The president became increasingly excited

The NY Times on Trump’s little gaffe:

In Maryland, so many callers flooded a health hotline with questions that the state’s Emergency Management Agency had to issue a warning that “under no circumstances” should any disinfectant be taken to treat the coronavirus. In Washington State, officials urged people not to consume laundry detergent capsules. Across the country on Friday, health professionals sounded the alarm.

Injecting bleach or highly concentrated rubbing alcohol “causes massive organ damage and the blood cells in the body to basically burst,” Dr. Diane P. Calello, the medical director of the New Jersey Poison Information and Education System, said in an interview. “It can definitely be a fatal event.”

Oddly enough, massive organ damage isn’t a cure for COVD-19.

“And then I see the disinfectant, where it knocks it out in a minute,” Mr. Trump said after a presentation from William N. Bryan, an acting under secretary for science at the Department of Homeland Security, detailed the virus’s possible susceptibility to bleach and alcohol.

Well it’s like this – lots of things are susceptible to bleach, or fire, or nuclear weapons.

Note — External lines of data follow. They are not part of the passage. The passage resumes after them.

lemma conj_mult_qproj:
  assumes Q: "pos_herm Q" "Qi ** Q = mat 1" and GF: "G ** F = mat 1"
    and hF: "Q ** F = hadjoint F ** Q" and hG: "Q ** G = hadjoint G ** Q"
    and surj: "\<forall>e. \<exists>s. Ev x *v s = e"
  shows "(Q ** F ** F) ** qproj (Q ** F ** F) (Vsp (Q ** F ** F) Ev x)
       = hadjoint F ** Q ** qproj Q ((\<lambda>v. G *v v) ` Vsp Q Ev x) ** F"
proof -
  have FG: "F ** G = mat 1"
    using GF matrix_left_right_inverse by blast
  have QQi: "Q ** Qi = mat 1"
    using pos_herm_inverse[OF Q] by auto
  have cancel: "X ** Qi ** Q = X" "X ** Q ** Qi = X" "X ** G ** F = X"
    "hadjoint F ** hadjoint G = mat 1" for X
    by (simp_all add: Q(2) QQi GF FG flip: matrix_mul_assoc hadjoint_mult)
  have aG: "hadjoint G = Q ** G ** Qi"
    by (simp only: hG cancel)
  define E where "E = Ev x"
  define E' where "E' = E ** G"
  define R where "R = cramer_inv (E ** (G ** G ** Qi) ** hadjoint E)"
  have Q': "pos_herm (Q ** F ** F)" "(G ** G ** Qi) ** (Q ** F ** F) = mat 1"
    using pos_herm_conj[OF Q(1) GF hF] cancel(1)[of "G ** G"] cancel(3)[of G]
    by (simp_all only: GF matrix_mul_assoc matrix_mul_lid)
  have gram: "E' ** Qi ** hadjoint E' = E ** (G ** G ** Qi) ** hadjoint E"
  proof -
    have "E' ** Qi ** hadjoint E' = E ** G ** Qi ** Q ** G ** Qi ** hadjoint E"
      by (simp only: E'_def hadjoint_mult aG matrix_mul_assoc)
    then show ?thesis
      by (simp only: cancel matrix_mul_assoc)
  qed
  have "\<forall>e. \<exists>s. E' *v s = e"
  proof
    fix e
    obtain s where "Ev x *v s = e"
      using surj by blast
    then have "E' *v (F *v s) = e"
      by (simp add: E'_def E_def matrix_vector_mul_assoc cancel)
    then show "\<exists>s. E' *v s = e" ..
  qed
  then have "qproj Q ((\<lambda>v. G *v v) ` Vsp Q Ev x) = fibre_proj Qi E'"
    unfolding Vsp_image[OF GF hF hG]
    using qproj_Vsp[where Ev="\<lambda>y. Ev y ** G" and x=x, OF Q] by (simp add: E'_def E_def)
  also have "\<dots> = Qi ** hadjoint E' ** R ** E'"
    by (simp add: fibre_proj_def gram R_def)
  finally have "hadjoint F ** Q ** qproj Q ((\<lambda>v. G *v v) ` Vsp Q Ev x) ** F
      = hadjoint F ** Q ** Qi ** hadjoint G ** hadjoint E ** R ** E ** G ** F"
    by (simp only: E'_def hadjoint_mult matrix_mul_assoc)
  also have "\<dots> = hadjoint E ** R ** E"
    by (simp only: cancel matrix_mul_lid)
  also have "\<dots> = (Q ** F ** F) ** qproj (Q ** F ** F) (Vsp (Q ** F ** F) Ev x)"
    using qproj_Vsp[where Ev=Ev and x=x, OF Q' surj] mult_fibre_proj[OF Q', of E]
    by (simp add: E_def R_def)
  finally show ?thesis ..
qed

lemma Tmap_conj:
  fixes \<nu> :: "'x measure" and Ev :: "'x \<Rightarrow> complex^'n^'r"
  assumes fm: "finite_measure \<nu>" and Evm: "Ev \<in> borel_measurable \<nu>"
    and surj: "\<forall>x\<in>space \<nu>. \<forall>e. \<exists>s. Ev x *v s = e" and Q: "pos_herm Q"
    and GF: "G ** F = mat 1" and hF: "Q ** F = hadjoint F ** Q" and hG: "Q ** G = hadjoint G ** Q"
  shows "Tmap \<nu> Ev (Q ** F ** F)
     = (real CARD('n) / (measure \<nu> (space \<nu>) * real CARD('r))) *\<^sub>R (hadjoint F ** Q ** mu \<nu> Q Ev G ** F)"
proof -
  obtain Qi where Qi: "Qi ** Q = mat 1"
    using pos_herm_left_inverse[OF Q] by blast
  have FG: "F ** G = mat 1"
    using GF matrix_left_right_inverse by blast
  have sandwich_inverse: "Qi ** hadjoint G ** (hadjoint F ** Q ** X ** F) ** G = X" for X
  proof -
    have "hadjoint G ** hadjoint F = mat 1"
      by (simp add: FG flip: hadjoint_mult)
    moreover have "Qi ** hadjoint G ** (hadjoint F ** Q ** X ** F) ** G
        = Qi ** (hadjoint G ** hadjoint F) ** Q ** X ** (F ** G)"
      by (simp only: matrix_mul_assoc)
    ultimately show ?thesis
      by (simp add: Qi FG)
  qed
  have "integral\<^sup>L \<nu> (\<lambda>x. (Q ** F ** F) ** qproj (Q ** F ** F) (Vsp (Q ** F ** F) Ev x))
      = integral\<^sup>L \<nu> (\<lambda>x. hadjoint F ** Q ** qproj Q ((\<lambda>v. G *v v) ` Vsp Q Ev x) ** F)"
    using conj_mult_qproj[where Ev=Ev, OF Q Qi GF hF hG] surj by (intro Bochner_Integration.integral_cong) auto
  also have "\<dots> = hadjoint F ** Q ** mu \<nu> Q Ev G ** F"
    unfolding mu_def
    by (rule integral_bounded_linear'[where T'="\<lambda>Y. Qi ** hadjoint G ** Y ** G"])
      (simp_all add: sandwich_inverse bounded_linear_compose[OF bounded_linear_matrix_mult_right
        bounded_linear_matrix_mult_left])
  finally show ?thesis
    using Tmap_eq_integral[OF fm Evm surj pos_herm_conj[OF Q GF hF]] by simp
qed

section \<open>Differentiating at a balanced product\<close>

lemma has_vector_derivative_sandwich:
  fixes F M :: "real \<Rightarrow> complex^'n^'n"
  assumes "(F has_vector_derivative F') (at x within S)" "(M has_vector_derivative M') (at x within S)"
  shows "((\<lambda>t. F t ** M t ** F t) has_vector_derivative
      F' ** M x ** F x + F x ** M' ** F x + F x ** M x ** F') (at x within S)"
proof -
  interpret mult: bounded_bilinear "\<lambda>(A::complex^'n^'n) (B::complex^'n^'n). A ** B"
    by (rule bounded_bilinear_matrix_mult)
  show ?thesis
    using mult.has_vector_derivative[OF mult.has_vector_derivative[OF assms] assms(1)]
    by (simp add: matrix_add_ldistrib matrix_add_rdistrib ac_simps)
qed

lemma Tmap_mexp:
  fixes \<nu> :: "'x measure" and Ev :: "'x \<Rightarrow> complex^'n^'r"
  assumes fm: "finite_measure \<nu>" and Evm: "Ev \<in> borel_measurable \<nu>"
    and surj: "\<forall>x\<in>space \<nu>. \<forall>e. \<exists>s. Ev x *v s = e" and Q: "pos_herm Q"
    and hA: "Q ** A = hadjoint A ** Q"
  shows "Tmap \<nu> Ev (Q ** mexp (t *\<^sub>R A))
     = (real CARD('n) / (measure \<nu> (space \<nu>) * real CARD('r))) *\<^sub>R
       (Q ** (mexp ((t / 2) *\<^sub>R A) ** mu \<nu> Q Ev (mexp ((- t / 2) *\<^sub>R A)) ** mexp ((t / 2) *\<^sub>R A)))"
proof -
  have h: "Q ** mexp (s *\<^sub>R A) = hadjoint (mexp (s *\<^sub>R A)) ** Q" for s
    by (rule q_herm_mexp) (simp add: hA matrix_scalar_ac scalar_matrix_assoc[symmetric] hadjoint_scaleR)
  have GF: "mexp ((- t / 2) *\<^sub>R A) ** mexp ((t / 2) *\<^sub>R A) = mat 1"
    and FF: "mexp ((t / 2) *\<^sub>R A) ** mexp ((t / 2) *\<^sub>R A) = mexp (t *\<^sub>R A)"
    by (simp_all only: mexp_add_scaleR) (simp_all add: mexp_zero)
  have "Tmap \<nu> Ev (Q ** mexp (t *\<^sub>R A))
      = Tmap \<nu> Ev (Q ** mexp ((t / 2) *\<^sub>R A) ** mexp ((t / 2) *\<^sub>R A))"
    by (simp only: FF matrix_mul_assoc[symmetric])
  also have "\<dots> = (real CARD('n) / (measure \<nu> (space \<nu>) * real CARD('r))) *\<^sub>R
      (hadjoint (mexp ((t / 2) *\<^sub>R A)) ** Q ** mu \<nu> Q Ev (mexp ((- t / 2) *\<^sub>R A))
        ** mexp ((t / 2) *\<^sub>R A))"
    by (rule Tmap_conj[OF fm Evm surj Q GF h h])
  finally show ?thesis
    by (simp only: h[symmetric] matrix_mul_assoc)
qed

lemma balanced_mu_one:
  fixes \<nu> :: "'x measure" and Ev :: "'x \<Rightarrow> complex^'n^'r"
  assumes fm: "finite_measure \<nu>" and Evm: "Ev \<in> borel_measurable \<nu>"
    and surj: "\<forall>x\<in>space \<nu>. \<forall>e. \<exists>s. Ev x *v s = e" and Q: "pos_herm Q"
    and "balanced \<nu> Ev Q"
  shows "(real CARD('n) / (measure \<nu> (space \<nu>) * real CARD('r))) *\<^sub>R mu \<nu> Q Ev (mat 1) = mat 1"
proof -
  obtain Qi where Qi: "Qi ** Q = mat 1"
    using pos_herm_left_inverse[OF Q] by blast
  have "Q = (real CARD('n) / (measure \<nu> (space \<nu>) * real CARD('r))) *\<^sub>R (Q ** mu \<nu> Q Ev (mat 1))"
    using Tmap_conj[OF fm Evm surj Q, of "mat 1" "mat 1"] assms(5) by (simp add: balanced_def)
  then have "Qi ** Q = Qi ** ((real CARD('n) / (measure \<nu> (space \<nu>) * real CARD('r))) *\<^sub>R
      (Q ** mu \<nu> Q Ev (mat 1)))"
    by simp
  then show ?thesis
    by (simp add: Qi matrix_scalar_ac scalar_matrix_assoc[symmetric] matrix_mul_assoc)
qed

lemma scaleR_half_sym_mult_eq:
  fixes A D M :: "'n::finite cmatrix"
  assumes "c *\<^sub>R M = mat 1"
  shows "c *\<^sub>R ((1/2) *\<^sub>R A ** M - D + M ** (1/2) *\<^sub>R A) = A - c *\<^sub>R D"
proof -
  have "c *\<^sub>R ((1/2) *\<^sub>R A ** M - D + M ** (1/2) *\<^sub>R A)
      = (1/2) *\<^sub>R A ** (c *\<^sub>R M) - c *\<^sub>R D + (c *\<^sub>R M) ** (1/2) *\<^sub>R A"
    by (simp add: matrix_scalar_ac scalar_matrix_assoc[symmetric] algebra_simps)
  also have "\<dots> = (1/2) *\<^sub>R A + (1/2) *\<^sub>R A - c *\<^sub>R D"
    by (simp add: assms algebra_simps)
  also have "\<dots> = A - c *\<^sub>R D"
    by (simp flip: scaleR_add_left)
  finally show ?thesis .
qed

lemma matrix_left_cancel: "Qi ** Q = mat 1 \<Longrightarrow> Q ** X = Q ** Y \<Longrightarrow> X = Y"
  by (metis matrix_mul_assoc matrix_mul_lid)

lemma has_vector_derivative_Tmap_mexp:
  fixes \<nu> :: "'x measure" and Ev :: "'x \<Rightarrow> complex^'n^'r"
  assumes fm: "finite_measure \<nu>" and Evm: "Ev \<in> borel_measurable \<nu>"
    and surj: "\<forall>x\<in>space \<nu>. \<forall>e. \<exists>s. Ev x *v s = e" and Q: "pos_herm Q"
    and bal: "balanced \<nu> Ev Q" and hA: "Q ** A = hadjoint A ** Q"
    and dmu: "((\<lambda>t. mu \<nu> Q Ev (mexp ((t / 2) *\<^sub>R A))) has_vector_derivative DM) (at 0)"
  shows "((\<lambda>t. Tmap \<nu> Ev (Q ** mexp (t *\<^sub>R A))) has_vector_derivative
      Q ** (A - (real CARD('n) / (measure \<nu> (space \<nu>) * real CARD('r))) *\<^sub>R DM)) (at 0)"
proof -
  define c where "c = real CARD('n) / (measure \<nu> (space \<nu>) * real CARD('r))"
  define M where "M = mu \<nu> Q Ev (mat 1)"
  have dF: "((\<lambda>t. mexp ((t / 2) *\<^sub>R A)) has_vector_derivative (1/2) *\<^sub>R A) (at 0)"
    using has_vector_derivative_mexp[of "(1/2) *\<^sub>R A"] by (simp add: field_simps)
  have "((\<lambda>t. mu \<nu> Q Ev (mexp ((- t / 2) *\<^sub>R A))) has_vector_derivative - DM) (at 0)"
    using vector_diff_chain_at[OF has_vector_derivative_minus[OF has_vector_derivative_id],
        where g="\<lambda>t. mu \<nu> Q Ev (mexp ((t / 2) *\<^sub>R A))" and g'=DM and x=0] dmu
    by (simp add: o_def)
  from has_vector_derivative_sandwich[OF dF this]
  have "((\<lambda>t. Tmap \<nu> Ev (Q ** mexp (t *\<^sub>R A))) has_vector_derivative
      c *\<^sub>R (Q ** ((1/2) *\<^sub>R A ** M - DM + M ** (1/2) *\<^sub>R A))) (at 0)"
    unfolding Tmap_mexp[OF fm Evm surj Q hA] c_def M_def
    by (intro bounded_linear.has_vector_derivative[OF bounded_linear_scaleR_right]
        bounded_linear.has_vector_derivative[OF bounded_linear_matrix_mult_left])
      (simp add: mexp_zero)
  moreover have "c *\<^sub>R (Q ** ((1/2) *\<^sub>R A ** M - DM + M ** (1/2) *\<^sub>R A))
      = Q ** (c *\<^sub>R ((1/2) *\<^sub>R A ** M - DM + M ** (1/2) *\<^sub>R A))"
    by (simp only: matrix_scalar_ac scalar_matrix_assoc)
  moreover have "c *\<^sub>R ((1/2) *\<^sub>R A ** M - DM + M ** (1/2) *\<^sub>R A) = A - c *\<^sub>R DM"
    by (rule scaleR_half_sym_mult_eq[OF balanced_mu_one[OF fm Evm surj Q bal, folded c_def M_def]])
  ultimately show ?thesis
    by (simp add: c_def)
qed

If you have flies in your house you can burn the house down to get rid of them (they’ll still be in the vicinity, but they’re not in the house any more), but then you have to deal with the no-house issue. It’s the same principle with chugging bleach to wipe out a virus. There’s this word “overkill”? Perhaps you’ve heard it? Chugging bleach would definitely be overkill.

“I was asking a question sarcastically to reporters like you just to see what would happen,” Mr. Trump said on Friday to journalists gathered in the Oval Office. The president said he had posed his theory on cleaning the body with disinfectant “in the form of a sarcastic question to a reporter,” which also was not true — he had said it unprompted to Mr. Bryan.

“Unprompted” is a useful word when it comes to Trump. It so often describes what he’s doing. He’s startlingly random, which is one of our chief signals of the slushy state of his brain. Nobody asked him for his thoughts on drinking bleach, he offered them without any prompting at all whatsoever.

Others inside the administration raised questions about why Mr. Bryan, whose background is not in health or science, had been invited to deliver a presentation. Mr. Bryan, whose expertise is in energy infrastructure and security, is serving in an acting capacity as the head of the department’s science and technology directorate.

Also there’s a whistleblower complaint saying he manipulated government policy to serve his financial interests and then lied to Congress about it, but whatever.

Mr. Bryan was invited by the vice president’s office to coronavirus task force meetings on Wednesday and Thursday to talk about a study that his department had done relating to heat and the conditions in which the coronavirus can thrive or be dampened. On Thursday, Mr. Bryan presented a graphic to the room, according to four people briefed on the events.

A graphic! No wonder Trump paid attention.

Before Mr. Bryan took the lectern in the White House Briefing Room, Dr. Birx and Dr. Anthony S. Fauci, a member of the coronavirus task force, made a few revisions to his presentation, officials said.

As he listened to Mr. Bryan, the president became increasingly excited, and also felt the need to demonstrate his own understanding of science, according to three of the advisers. So Mr. Trump went ahead with his theories about the chemicals.

Oh lord. Trump getting excited. Trump getting increasingly excited. What a nightmare that conjures up.

Mr. Trump’s hopeful comments about disinfectant use coincided with an alarming rise in accidents with household cleaning products in recent weeks, according to doctors who monitor activity at poison call centers. On Monday, the Centers for Disease Control and Prevention reported a growing number of calls to poison control centers and a significant increase in accidental exposures to household cleaners and disinfectants.

The F.D.A. has moved to tamp down on merchants online that have encouraged the ingestion of products made with disinfectants and cleaning agents, including chlorine dioxide, a compound commonly used as a bleach. The products have found favor with conspiracy theorists and fringe activists online who peddle chlorine dioxide as “Magical Mineral Solution,” or M.M.S.